Читать книгу «Ошибка молодости (сборник)» онлайн полностью📖 — Марии Метлицкой — MyBook.
cover

Сережу рвали на части – тренер по шахматам, учитель по рисованию. Математичка умоляла принять участие в городской олимпиаде. Словесница послала его эссе о Пушкине в детский журнал, умоляла туда же отправить и стихи. Сережа отказывался, отвечал, что стихи – это слишком личное. Мать и отец с ним согласились. Еще появилась театральная студия, где Сереже предложили роль маленького Пушкина. С ролью юного гения он справился прекрасно, сорвал шквал аплодисментов.

Теперь Сережа занимался еще и в художественной школе при Третьяковке. Преподаватель объяснял растерянным родителям, что парня надо развивать, игнорировать такие способности большой грех.

Люба нервничала, советовалась с Иннулей. Та считала, что художник – профессия ненадежная. Лучше подумать о чем-то реальном, тем более что парню все по плечу. Выбор должен оставаться за ним. Женя ее полностью в этом поддержал – человеку необходимо заниматься любимым делом, вот в чем залог успеха, развития, гармонии и счастья.

Люба согласилась и успокоилась. Впереди еще столько времени! Хватит подумать и определиться. Главное – чтобы здоровье не подводило. Сережино здоровье ее волновало, это было единственное, что омрачало жизнь. Мальчик быстро уставал, болели рука и нога, мучили частые головные боли, скакало давление, барахлили почки и желудок. Однажды врач сказал:

– Не перегружайте парня! Вы должны понимать, что здоровье у него как у очень немолодого человека.

«Сколько еще испытаний впереди? – думала Люба. – А как сложится его личная жизнь? С такими-то проблемами?» Она поделилась своими тяжелыми мыслями с Женей, тот рассмеялся:

– Да до этого совсем далеко.

Она успокоилась, но тревога, конечно, никуда не делась.

* * *

Роман Светуля закрутила совсем скоро после визита к гадалке, через пару месяцев. Подошел на улице приятный мужчина и – понеслось! С «полюбовником» – называла она его именно так – удалось даже смотаться на неделю в Сочи. А в городе Сочи, как известно, темные ночи. Пряные, густые, как душистое, слегка засахаренное варенье из роз.

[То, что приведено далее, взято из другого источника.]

lemma card_le_slice_decomposition:
  fixes fa :: "'e1 \<Rightarrow> 'i \<Rightarrow> 'a::{finite,field}" and ga :: "'e1 \<Rightarrow> 'i \<Rightarrow> 'i \<Rightarrow> 'a"
    and fb :: "'e2 \<Rightarrow> 'i \<Rightarrow> 'a" and gb :: "'e2 \<Rightarrow> 'i \<Rightarrow> 'i \<Rightarrow> 'a"
    and fc :: "'e3 \<Rightarrow> 'i \<Rightarrow> 'a" and gc :: "'e3 \<Rightarrow> 'i \<Rightarrow> 'i \<Rightarrow> 'a"
  assumes I: "finite I" and E1: "finite E1" and E2: "finite E2" and E3: "finite E3"
    and decomp: "\<forall>i\<in>I. \<forall>j\<in>I. \<forall>k\<in>I. (if i = j \<and> j = k then 1 else 0) =
       (\<Sum>e\<in>E1. fa e i * ga e j k) + (\<Sum>e\<in>E2. fb e j * gb e i k) + (\<Sum>e\<in>E3. fc e k * gc e i j)"
  shows "card I \<le> card E1 + card E2 + card E3"
proof -
  define K where "K = {u \<in> I \<rightarrow>\<^sub>E UNIV. \<forall>e\<in>E1. (\<Sum>i\<in>I. u i * fa e i) = (0::'a)}"
  have "linear_subspace_on I K"
    unfolding linear_subspace_on_def
  proof (intro conjI ballI allI)
    show "K \<subseteq> I \<rightarrow>\<^sub>E UNIV" "K \<noteq> {}" unfolding K_def by (auto intro!: exI[of _ "restrict (\<lambda>_. 0) I"])
    fix u v c assume "u \<in> K" "v \<in> K"
    then show "restrict (\<lambda>i. u i + c * v i) I \<in> K"
      by (simp add: K_def distrib_right sum.distrib mult.assoc flip: sum_distrib_left)
  qed
  then obtain u where u: "u \<in> K" and card_K: "card K \<le> CARD('a) ^ card {i\<in>I. u i \<noteq> 0}"
    using card_subspace_le_power_support[OF I] by blast
  have "CARD('a) ^ card I \<le> CARD('a) ^ card {i\<in>I. u i \<noteq> 0} * CARD('a) ^ card E1"
    using card_kernel_lower_bound[OF I E1, of fa] card_K unfolding K_def by (meson le_trans mult_le_mono1)
  then have "card I \<le> card {i\<in>I. u i \<noteq> 0} + card E1"
    by (simp only: power_add[symmetric] card_UNIV_field_power_le_iff)
  \<comment> \<open>contracting the first index with \<open>u \<in> K\<close> leaves a diagonal matrix with diagonal \<open>u\<close>\<close>
  moreover have "card {j\<in>I. u j \<noteq> 0} \<le> card E2 + card E3"
  proof (rule card_support_le_matrix_decomposition[OF I E2 E3, where f=fb
        and g="\<lambda>e k. \<Sum>i\<in>I. u i * gb e i k" and f'=fc and g'="\<lambda>e j. \<Sum>i\<in>I. u i * gc e i j"],
      intro ballI)
    fix j k assume j: "j \<in> I" and k: "k \<in> I"
    have "(if j = k then u j else 0) = (\<Sum>i\<in>I. u i * (if i = j \<and> j = k then 1 else 0))"
      using I j by (auto simp: if_distrib[of "\<lambda>x. u _ * x"] cong: if_cong)
    also have "\<dots> = (\<Sum>i\<in>I. u i * ((\<Sum>e\<in>E1. fa e i * ga e j k) + (\<Sum>e\<in>E2. fb e j * gb e i k)
        + (\<Sum>e\<in>E3. fc e k * gc e i j)))"
      using decomp j k by (intro sum.cong) auto
    also have "\<dots> = (\<Sum>e\<in>E1. ga e j k * (\<Sum>i\<in>I. u i * fa e i))
        + (\<Sum>e\<in>E2. fb e j * (\<Sum>i\<in>I. u i * gb e i k)) + (\<Sum>e\<in>E3. fc e k * (\<Sum>i\<in>I. u i * gc e i j))"
      by (simp add: distrib_left sum.distrib sum_distrib_left sum.swap[of _ I] mult_ac)
    also have "\<dots> = (\<Sum>e\<in>E2. fb e j * (\<Sum>i\<in>I. u i * gb e i k)) + (\<Sum>e\<in>E3. fc e k * (\<Sum>i\<in>I. u i * gc e i j))"
      using u by (simp add: K_def)
    finally show "(if j = k then u j else 0) =
        (\<Sum>e\<in>E2. fb e j * (\<Sum>i\<in>I. u i * gb e i k)) + (\<Sum>e\<in>E3. fc e k * (\<Sum>i\<in>I. u i * gc e i j))" .
  qed
  ultimately show ?thesis by linarith
qed

definition trinomial_exponents :: "nat \<Rightarrow> (nat \<times> nat \<times> nat) set" where
  "trinomial_exponents p = {e \<in> {..p} \<times> {..p} \<times> {..p}. fst e + fst (snd e) + snd (snd e) \<le> p}"

definition trinomial_monomial :: "'a::comm_ring_1 \<Rightarrow> 'a \<Rightarrow> 'a \<Rightarrow> nat \<times> nat \<times> nat \<Rightarrow> 'a" where
  "trinomial_monomial u v w e = u ^ fst e * v ^ fst (snd e) * w ^ snd (snd e)"

lemma finite_trinomial_exponents [simp]: "finite (trinomial_exponents p)"
  unfolding trinomial_exponents_def by simp

lemma trinomial_power:
  fixes u v w :: "'a::comm_ring_1"
  shows "(u + v + w) ^ p = (\<Sum>a\<le>p. \<Sum>b\<le>p - a.
    of_nat ((p choose a) * (p - a choose b)) * trinomial_monomial u v w (a, b, p - a - b))"
proof -
  have "(u + v + w) ^ p = (\<Sum>a\<le>p. of_nat (p choose a) * u ^ a * (v + w) ^ (p - a))"
    by (simp add: add.assoc binomial_ring)
  also have "\<dots> = (\<Sum>a\<le>p. of_nat (p choose a) * u ^ a *
      (\<Sum>b\<le>p - a. of_nat (p - a choose b) * v ^ b * w ^ (p - a - b)))"
    by (simp add: binomial_ring)
  also have "\<dots> = (\<Sum>a\<le>p. \<Sum>b\<le>p - a.
      of_nat ((p choose a) * (p - a choose b)) * trinomial_monomial u v w (a, b, p - a - b))"
    unfolding sum_distrib_left by (simp add: trinomial_monomial_def mult_ac)
  finally show ?thesis .
qed

lemma one_minus_trinomial_power_expansion:
  "\<exists>C::nat \<times> nat \<times> nat \<Rightarrow> 'a::comm_ring_1. \<forall>u v w.
     1 - (u + v + w) ^ p = (\<Sum>e\<in>trinomial_exponents p. C e * trinomial_monomial u v w e)"
proof -
  define hom where "hom = {e \<in> trinomial_exponents p. fst e + fst (snd e) + snd (snd e) = p}"
  define coeff :: "nat \<times> nat \<times> nat \<Rightarrow> 'a" where
    "coeff e = (if fst e + fst (snd e) + snd (snd e) = p
       then of_nat ((p choose fst e) * (p - fst e choose fst (snd e))) else 0)" for e
  define C where "C e = (if e = (0, 0, 0) then 1 else 0) - coeff e" for e
  have "1 - (u + v + w) ^ p = (\<Sum>e\<in>trinomial_exponents p. C e * trinomial_monomial u v w e)"
    for u v w :: 'a
  proof -
    have inj: "inj_on (\<lambda>(a, b). (a, b, p - a - b)) (SIGMA a:{..p}. {..p - a})"
      by (auto simp: inj_on_def)
    have img: "(\<lambda>(a, b). (a, b, p - a - b)) ` (SIGMA a:{..p}. {..p - a}) = hom"
      by (auto simp: hom_def trinomial_exponents_def image_iff intro!: bexI[of _ "(_, _)"])
    have "(\<Sum>e\<in>trinomial_exponents p. coeff e * trinomial_monomial u v w e)
        = (\<Sum>e\<in>hom. coeff e * trinomial_monomial u v w e)"
      by (rule sum.mono_neutral_right) (auto simp: coeff_def hom_def)
    also have "\<dots> = (\<Sum>a\<le>p. \<Sum>b\<le>p - a.
        of_nat ((p choose a) * (p - a choose b)) * trinomial_monomial u v w (a, b, p - a - b))"
      unfolding img[symmetric] by (subst sum.reindex[OF inj]) (auto simp: sum.Sigma coeff_def intro!: sum.cong)
    finally have "(\<Sum>e\<in>trinomial_exponents p. coeff e * trinomial_monomial u v w e) = (u + v + w) ^ p"
      by (simp add: trinomial_power)
    moreover have "(\<Sum>e\<in>trinomial_exponents p.
        (if e = (0, 0, 0) then trinomial_monomial u v w e else 0)) = 1"
      by (simp add: sum.delta trinomial_exponents_def trinomial_monomial_def)
    ultimately show ?thesis
      by (simp add: C_def left_diff_distrib sum_subtractf if_distrib[of "\<lambda>x. x * _"] cong: if_cong)
  qed
  then show ?thesis by blast
qed

definition tricolored_sum_free :: "'i set \<Rightarrow> 'c set \<Rightarrow> ('i \<Rightarrow> 'c \<Rightarrow> 'a::monoid_add) \<Rightarrow>
    ('i \<Rightarrow> 'c \<Rightarrow> 'a) \<Rightarrow> ('i \<Rightarrow> 'c \<Rightarrow> 'a) \<Rightarrow> bool" where
  "tricolored_sum_free I D a b c \<longleftrightarrow>
     (\<forall>i\<in>I. \<forall>j\<in>I. \<forall>k\<in>I. (\<forall>d\<in>D. a i d + b j d + c k d = 0) \<longleftrightarrow> i = j \<and> j = k)"

definition low_degree_exponents :: "nat \<Rightarrow> 'c set \<Rightarrow> ('c \<Rightarrow> nat) set" where
  "low_degree_exponents p D = {m \<in> D \<rightarrow>\<^sub>E {..p}. 3 * (\<Sum>d\<in>D. m d) \<le> p * card D}"

lemma finite_low_degree_exponents: "finite D \<Longrightarrow> finite (low_degree_exponents p D)"
  unfolding low_degree_exponents_def by (rule finite_subset[of _ "D \<rightarrow>\<^sub>E {..p}"]) (auto intro: finite_PiE)

lemma diagonal_tensor_expansion:
  fixes a b c :: "'i \<Rightarrow> 'c \<Rightarrow> 'a::{finite,field}"
  defines "p \<equiv> CARD('a) - 1"
  assumes D: "finite D" and tri: "tricolored_sum_free I D a b c" and ijk: "i \<in> I" "j \<in> I" "k \<in> I"
    and C: "\<And>u v w. 1 - (u + v + w) ^ p = (\<Sum>e\<in>trinomial_exponents p. C e * trinomial_monomial u v w e)"
  shows "(if i = j \<and> j = k then 1 else 0) = (\<Sum>E \<in> D \<rightarrow>\<^sub>E trinomial_exponents p.
           \<Prod>d\<in>D. C (E d) * trinomial_monomial (a i d) (b j d) (c k d) (E d))"
proof -
  have "(\<Prod>d\<in>D. if a i d + b j d + c k d = 0 then 1 else (0::'a)) =
      (if \<forall>d\<in>D. a i d + b j d + c k d = 0 then 1 else 0)"
    using D by (induction D rule: finite_induct) auto
  then have "(if i = j \<and> j = k then 1 else 0) = (\<Prod>d\<in>D. if a i d + b j d + c k d = 0 then 1 else (0::'a))"
    using tri ijk unfolding tricolored_sum_free_def by simp
  also have "\<dots> = (\<Prod>d\<in>D. 1 - (a i d + b j d + c k d) ^ p)"
    by (simp only: p_def one_minus_power_card_minus_one)
  also have "\<dots> = (\<Prod>d\<in>D. \<Sum>e\<in>trinomial_exponents p. C e * trinomial_monomial (a i d) (b j d) (c k d) e)"
    by (simp add: C)
  also have "\<dots> = (\<Sum>E \<in> D \<rightarrow>\<^sub>E trinomial_exponents p.
      \<Prod>d\<in>D. C (E d) * trinomial_monomial (a i d) (b j d) (c k d) (E d))"
    by (rule prod_sum_PiE[OF D]) simp
  finally show ?thesis .
qed

lemma sum_factor_through_exponents:
  fixes z :: "'c \<Rightarrow> 'a::comm_ring_1" and R :: "('c \<Rightarrow> 'x) \<Rightarrow> 'a"
  assumes G: "finite G" and M: "finite M" and img: "\<And>E. E \<in> G \<Longrightarrow> restrict (\<lambda>d. ex (E d)) D \<in> M"
  shows "(\<Sum>E\<in>G. (\<Prod>d\<in>D. z d ^ ex (E d)) * R E) =
    (\<Sum>m\<in>M. (\<Prod>d\<in>D. z d ^ m d) * (\<Sum>E\<in>{E\<in>G. restrict (\<lambda>d. ex (E d)) D = m}. R E))"
proof -
  have "(\<Sum>E\<in>G. (\<Prod>d\<in>D. z d ^ ex (E d)) * R E) =
      (\<Sum>m\<in>M. \<Sum>E\<in>{E\<in>G. restrict (\<lambda>d. ex (E d)) D = m}. (\<Prod>d\<in>D. z d ^ ex (E d)) * R E)"
    by (rule sum.group[OF G M, symmetric]) (use img in blast)
  also have "\<dots> = (\<Sum>m\<in>M. (\<Prod>d\<in>D. z d ^ m d) * (\<Sum>E\<in>{E\<in>G. restrict (\<lambda>d. ex (E d)) D = m}. R E))"
    by (intro sum.cong refl) (auto simp: sum_distrib_left intro!: sum.cong prod.cong)
  finally show ?thesis .
qed
definition brspan :: "('f::field, 'v::ab_group_add) lsa \<Rightarrow> 'v set \<Rightarrow> 'v set \<Rightarrow> 'v set" where
  "brspan L A B = module.span (sm L) {br L a b | a b. a \<in> A \<and> b \<in> B}"

definition derived :: "('f::field, 'v::ab_group_add) lsa \<Rightarrow> 'v set" where
  "derived L = brspan L (car L) (car L)"

fun lcs :: "('f::field, 'v::ab_group_add) lsa \<Rightarrow> nat \<Rightarrow> 'v set" where
  "lcs L 0 = car L"
| "lcs L (Suc n) = brspan L (lcs L n) (car L)"

definition nilpotent :: "('f::field, 'v::ab_group_add) lsa \<Rightarrow> bool" where
  "nilpotent L \<longleftrightarrow> (\<exists>n. lcs L n = {0})"

definition center :: "('f, 'v::ab_group_add) lsa \<Rightarrow> 'v set" where
  "center L = {z \<in> car L. \<forall>x\<in>car L. br L z x = 0}"

definition lsa_hom :: "('f, 'v::ab_group_add) lsa \<Rightarrow> ('f, 'w::ab_group_add) lsa \<Rightarrow> ('v \<Rightarrow> 'w) \<Rightarrow> bool" where
  "lsa_hom L M f \<longleftrightarrow>
     (\<forall>x\<in>car L. f x \<in> car M) \<and>
     (\<forall>x\<in>car L. \<forall>y\<in>car L. f (x + y) = f x + f y) \<and>
     (\<forall>c. \<forall>x\<in>car L. f (sm L c x) = sm M c (f x)) \<and>
     f ` ev L \<subseteq> ev M \<and> f ` od L \<subseteq> od M \<and>
     (\<forall>x\<in>car L. \<forall>y\<in>car L. f (br L x y) = br M (f x) (f y))"

definition lsa_iso :: "('f, 'v::ab_group_add) lsa \<Rightarrow> ('f, 'w::ab_group_add) lsa \<Rightarrow> ('v \<Rightarrow> 'w) \<Rightarrow> bool" where
  "lsa_iso L M f \<longleftrightarrow> lsa_hom L M f \<and> bij_betw f (car L) (car M)"

definition isomorphic :: "('f, 'v::ab_group_add) lsa \<Rightarrow> ('f, 'w::ab_group_add) lsa \<Rightarrow> bool" where
  "isomorphic L M \<longleftrightarrow> (\<exists>f. lsa_iso L M f)"

text \<open>H is a Lie superalgebra and f : H \<rightarrow> L is a surjective homomorphism with kernel Z(H),
  i.e. L \<cong> H/Z(H).\<close>
definition central_quot :: "('f::field, 'h::ab_group_add) lsa \<Rightarrow> ('f, 'v::ab_group_add) lsa \<Rightarrow> ('h \<Rightarrow> 'v) \<Rightarrow> bool" where
  "central_quot H L f \<longleftrightarrow> is_lsa H \<and> lsa_hom H L f \<and> f ` car H = car L \<and>
      {x \<in> car H. f x = 0} = center H"

text \<open>L is capable, witnessed by some H whose ambient vector space is of type 'h.\<close>
definition capable_wrt :: "'h::ab_group_add itself \<Rightarrow> ('f::field, 'v::ab_group_add) lsa \<Rightarrow> bool" where
  "capable_wrt _ L \<longleftrightarrow> (\<exists>(H :: ('f, 'h) lsa) f. central_quot H L f)"

section \<open>Concrete Lie superalgebras, realised in nat \<Rightarrow> 'f (basis vector e_i = indicator of i)\<close>

definition fsm :: "'f::field \<Rightarrow> (nat \<Rightarrow> 'f) \<Rightarrow> nat \<Rightarrow> 'f" where
  "fsm c v = (\<lambda>j. c * v j)"

definition supp_in :: "nat \<Rightarrow> nat \<Rightarrow> (nat \<Rightarrow> 'f::zero) set" where
  "supp_in a b = {v. \<forall>j. (j < a \<or> b \<le> j) \<longrightarrow> v j = 0}"

text \<open>H(m,n): x_i = e_(i-1) (1 \<le> i \<le> 2m), z = e_(2m), y_j = e_(2m+j) (1 \<le> j \<le> n);
  nonzero brackets [x_i, x_(m+i)] = z, [y_j, y_j] = z (extended bilinearly).\<close>
definition Heis :: "nat \<Rightarrow> nat \<Rightarrow> ('f::field, nat \<Rightarrow> 'f) lsa" where
  "Heis m n = \<lparr> car = supp_in 0 (2*m + n + 1),
                ev = supp_in 0 (2*m + 1),
                od = supp_in (2*m + 1) (2*m + n + 1),
                sm = fsm,
                br = (\<lambda>u v j. if j = 2*m then
                         (\<Sum>i<m. u i * v (m + i) - u (m + i) * v i)
                         + (\<Sum>k\<in>{1..n}. u (2*m + k) * v (2*m + k))
                       else 0) \<rparr>"

text \<open>H_m: x_j = e_(j-1), y_j = e_(m+j-1) (1 \<le> j \<le> m), z = e_(2m);
  nonzero brackets [x_j, y_j] = z (and hence [y_j, x_j] = -z).\<close>
definition Hodd :: "nat \<Rightarrow> ('f::field, nat \<Rightarrow> 'f) lsa" where
  "Hodd m = \<lparr> car = supp_in 0 (2*m + 1),
              ev = supp_in 0 m,
              od = supp_in m (2*m + 1),
              sm = fsm,
              br = (\<lambda>u v j. if j = 2*m then
                       (\<Sum>i<m. u i * v (m + i) - u (m + i) * v i)
                     else 0) \<rparr>"

definition Aab :: "nat \<Rightarrow> nat \<Rightarrow> ('f::field, nat \<Rightarrow> 'f) lsa" where
  "Aab m n = \<lparr> car = supp_in 0 (m + n), ev = supp_in 0 m, od = supp_in m (m + n),
               sm = fsm, br = (\<lambda>u v. 0) \<rparr>"

definition dsum :: "('f, 'v::ab_group_add) lsa \<Rightarrow> ('f, 'w::ab_group_add) lsa \<Rightarrow> ('f, 'v \<times> 'w) lsa" where
  "dsum L M = \<lparr> car = car L \<times> car M, ev = ev L \<times> ev M, od = od L \<times> od M,
                sm = (\<lambda>c (x, y). (sm L c x, sm M c y)),
                br = (\<lambda>(x1, y1) (x2, y2). (br L x1 x2, br M y1 y2)) \<rparr>"

end

theory Submission
  imports Defs
begin

text \<open>Suppose \<open>L \<cong> H/Z(H)\<close> and \<open>L'\<close> is spanned by one element z. Choose homogeneous \<open>x\<^sub>1\<close> (even) and
  \<open>x\<^sub>2\<close> with \<open>[x\<^sub>1, x\<^sub>2] = z\<close>; nilpotency makes z central. Lifting to H, where modulo the centre
  every bracket is a multiple of a lift of z, the Jacobi identity shows that a second homogeneous pair
  commuting with \<open>x\<^sub>1, x\<^sub>2\<close> must have zero bracket, and (as \<open>char \<noteq> 3\<close>) that no odd square
  \<open>[y, y]\<close> can span \<open>L'\<close>. Hence the centraliser of \<open>x\<^sub>1, x\<^sub>2\<close> is the centre,
  \<open>L = span{x\<^sub>1, x\<^sub>2} \<oplus> Z(L)\<close>, and a homogeneous basis of \<open>Z(L)\<close> through z identifies L with
  \<open>H(1,0) \<oplus> A\<close> or \<open>H\<^sub>1 \<oplus> A\<close> according to the parity of \<open>x\<^sub>2\<close>. Conversely, both algebras
  are central quotients of an explicit extension in which one even basis vector acts on the others
  by a nilpotent shift.\<close>

text \<open>Weaker than \<open>is_lsa\<close> and easy to check for the concrete models, yet enough to invert
  bijective homomorphisms.\<close>

definition graded_carrier :: "('f::field, 'v::ab_group_add) lsa \<Rightarrow> bool" where
  "graded_carrier L \<longleftrightarrow> 0 \<in> ev L \<and> 0 \<in> od L \<and> ev L \<inter> od L = {0} \<and>
     car L = {a + b | a b. a \<in> ev L \<and> b \<in> od L} \<and>
     (\<forall>x\<in>ev L. \<forall>y\<in>ev L. x - y \<in> ev L) \<and> (\<forall>x\<in>od L. \<forall>y\<in>od L. x - y \<in> od L) \<and>
     (\<forall>x\<in>car L. \<forall>y\<in>car L. x + y \<in> car L \<and> br L x y \<in> car L) \<and>
     (\<forall>c. \<forall>x\<in>car L. sm L c x \<in> car L)"
(* Let $d_G$ be a generalized distance on graphs (for example the shortest-path distance), and consider graphs with at most $n$ nodes. A Powerful Plain Graph Transformer (PPGT) whose graph positional encoding is given by $d_G$ is as powerful as the GD-WL test with distance $d_G$ in distinguishing non-isomorphic graphs, i.e., for every pair of graphs with at most $n$ nodes that GD-WL distinguishes there is a PPGT that distinguishes them, provided the functions $\phi$ and $\theta$ in its attention are chosen appropriately and the numbers of attention heads and layers are sufficiently large.
   Context: Graphs $G=(\mathcal V,\mathcal E)$ are finite. A generalized distance assigns to every pair of nodes $u,v$ of a graph $G$ a value $d_G(u,v)$ (e.g. shortest-path distance, resistance distance), invariant under graph isomorphism. GD-WL test: starting from initial node colors $\chi^0_G(v)$, iterate $\chi^{\ell}_G(v)=\mathrm{hash}(\{\!\{(d_G(v,u),\chi^{\ell-1}_G(u)) : u\in\mathcal V\}\!\})$, where $\{\!\{\cdot\}\!\}$ denotes a multiset and hash is injective; after $L$ iterations the graph color is the hash of the multiset $\{\!\{\chi^L_G(v): v\in\mathcal V\}\!\}$. GD-WL distinguishes two graphs if their graph colors differ. PPGT: each node $i$ is a token $x_i\in\mathbb R^D$ (initialized from node attributes), and each node pair $(i,j)$ carries a relative positional embedding $p_{ij}$ computed from the positional encoding (here from $d_G(i,j)$) by an MLP-based stem. Each layer is a pre-norm Transformer block: $\hat X = X + \mathrm{MSA}(\mathrm{Norm}(X),P)$, $X' = \hat X + \mathrm{MLP}(\mathrm{Norm}(\hat X))$, where MLP is a two-layer perceptron and Norm is a token-wise normalization. In each head $h$ of the multihead self-attention MSA, with queries $q_i=W_Q^h x_i$, keys $k_j=W_K^h x_j$, values $W_V^h x_j$, the attention weights are $\alpha_{ij}=\phi^h(p_{ij})\cdot \mathrm{Softmax}_j\big(\tfrac{q_i^\top k_j}{\sqrt D}-\tfrac{k_j^\top k_j}{2\sqrt D}+\theta^h(p_{ij})\big)$, with $\mathrm{Softmax}_j(a_{ij})=\exp(a_{ij})/\sum_{j'}\exp(a_{ij'})$ over all nodes $j'$ of the graph, and the head output at node $i$ is $\sum_j \alpha_{ij} W_O^h W_V^h x_j$; head outputs are summed/concatenated. A graph-level output is obtained by sum pooling of final node representations followed by an MLP. A PPGT distinguishes two graphs if its graph-level outputs differ. *)

theory Defs
  imports Complex_Main "HOL-Library.Multiset"
begin

record graph =
  gsize :: nat
  gadj  :: "nat \<Rightarrow> nat \<Rightarrow> bool"
  gattr :: "nat \<Rightarrow> real list"

definition wf_graph :: "nat \<Rightarrow> graph \<Rightarrow> bool" where
  "wf_graph m G \<longleftrightarrow>
     (\<forall>i<gsize G. length (gattr G i) = m) \<and>
     (\<forall>i j. gadj G i j \<longrightarrow> i < gsize G \<and> j < gsize G) \<and>
     (\<forall>i j. gadj G i j \<longrightarrow> gadj G j i) \<and>
     (\<forall>i. \<not> gadj G i i)"

definition iso_via :: "(nat \<Rightarrow> nat) \<Rightarrow> graph \<Rightarrow> graph \<Rightarrow> bool" where
  "iso_via \<pi> G H \<longleftrightarrow>
     gsize G = gsize H \<and>
     bij_betw \<pi> {..<gsize G} {..<gsize H} \<and>
     (\<forall>i<gsize G. \<forall>j<gsize G. gadj H (\<pi> i) (\<pi> j) = gadj G i j) \<and>
     (\<forall>i<gsize G. gattr H (\<pi> i) = gattr G i)"

definition gen_dist :: "nat \<Rightarrow> (graph \<Rightarrow> nat \<Rightarrow> nat \<Rightarrow> real) \<Rightarrow> bool" where
  "gen_dist m d \<longleftrightarrow>
     (\<forall>G H \<pi>. wf_graph m G \<and> wf_graph m H \<and> iso_via \<pi> G H \<longrightarrow>
        (\<forall>u<gsize G. \<forall>v<gsize G. d H (\<pi> u) (\<pi> v) = d G u v))"

text \<open>Colours are built with injective constructors, which plays the role of the injective hash.\<close>

datatype color = Init "real list" | Refine "(real \<times> color) multiset"

fun wl_color :: "(graph \<Rightarrow> nat \<Rightarrow> nat \<Rightarrow> real) \<Rightarrow> graph \<Rightarrow> nat \<Rightarrow> nat \<Rightarrow> color" where
  "wl_color d G 0 v = Init (gattr G v)"
| "wl_color d G (Suc l) v =
     Refine (image_mset (\<lambda>u. (d G v u, wl_color d G l u)) (mset_set {..<gsize G}))"

definition wl_graph_color :: "(graph \<Rightarrow> nat \<Rightarrow> nat \<Rightarrow> real) \<Rightarrow> graph \<Rightarrow> nat \<Rightarrow> color multiset" where
  "wl_graph_color d G L = image_mset (wl_color d G L) (mset_set {..<gsize G})"

definition gdwl_distinguishes :: "(graph \<Rightarrow> nat \<Rightarrow> nat \<Rightarrow> real) \<Rightarrow> graph \<Rightarrow> graph \<Rightarrow> bool" where
  "gdwl_distinguishes d G H \<longleftrightarrow> (\<exists>L. wl_graph_color d G L \<noteq> wl_graph_color d H L)"

type_synonym vec = "nat \<Rightarrow> real"
type_synonym mat = "nat \<Rightarrow> nat \<Rightarrow> real"

definition mv :: "nat \<Rightarrow> mat \<Rightarrow> vec \<Rightarrow> vec" where
  "mv n M v = (\<lambda>i. \<Sum>j<n. M i j * v j)"

definition dotp :: "nat \<Rightarrow> vec \<Rightarrow> vec \<Rightarrow> real" where
  "dotp n u v = (\<Sum>j<n. u j * v j)"

definition relu :: "vec \<Rightarrow> vec" where
  "relu v = (\<lambda>i. max 0 (v i))"

record mlp =
  m_hid :: nat
  m_W1  :: mat
  m_b1  :: vec
  m_W2  :: mat
  m_b2  :: vec

definition apply_mlp :: "nat \<Rightarrow> mlp \<Rightarrow> vec \<Rightarrow> vec" where
  "apply_mlp n M x =
     (\<lambda>i. mv (m_hid M) (m_W2 M) (relu (\<lambda>k. mv n (m_W1 M) x k + m_b1 M k)) i + m_b2 M i)"

definition layernorm :: "nat \<Rightarrow> real \<Rightarrow> vec \<Rightarrow> vec \<Rightarrow> vec \<Rightarrow> vec" where
  "layernorm D eps g b x =
     (let mu = (\<Sum>c<D. x c) / real D;
          var = (\<Sum>c<D. (x c - mu)^2) / real D
      in (\<lambda>c. g c * (x c - mu) / sqrt (var + eps) + b c))"

record layer =
  WQ :: "nat \<Rightarrow> mat"
  WK :: "nat \<Rightarrow> mat"
  WV :: "nat \<Rightarrow> mat"
  WO :: "nat \<Rightarrow> mat"
  phi :: "nat \<Rightarrow> vec \<Rightarrow> real"
  theta :: "nat \<Rightarrow> vec \<Rightarrow> real"
  n1g :: vec
  n1b :: vec
  n2g :: vec
  n2b :: vec
  ffn :: mlp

«Полюбовник» со звучным именем Альберт занимался, судя по всему, какими-то темноватыми делишками. Светуля догадывалась – что-то типа фарцы. Власть Советов презирал, ненавидел и страстно мечтал «свалить отсюда на фиг». Пространно рассуждал об отъезде, о прелестях «тамошней» жизни. Насчет «прелестей» он не сомневался, жарко убеждал подругу, что там точно рай на земле. Светуля усмехалась:

– Уговариваешь, что ли?

– А почему бы и нет? Вместе, подруга, пробиваться легче. А ты ведь мне подруга?

«Подругой» быть не хотелось. Хотелось быть женой, спутницей и еще – любимой. Любимой она никогда не была. Ни разу в жизни.

Альберт был кавалером щедрым. Очень. Деньги швырял направо и налево. Любил кабаки и пышно накрытые столы. Купил «подруге» золотые сережки. После праздника возвращаться к осточертевшему мужу и ненавистной свекрови было невыносимо. Просто дурно становилось от одной этой мысли.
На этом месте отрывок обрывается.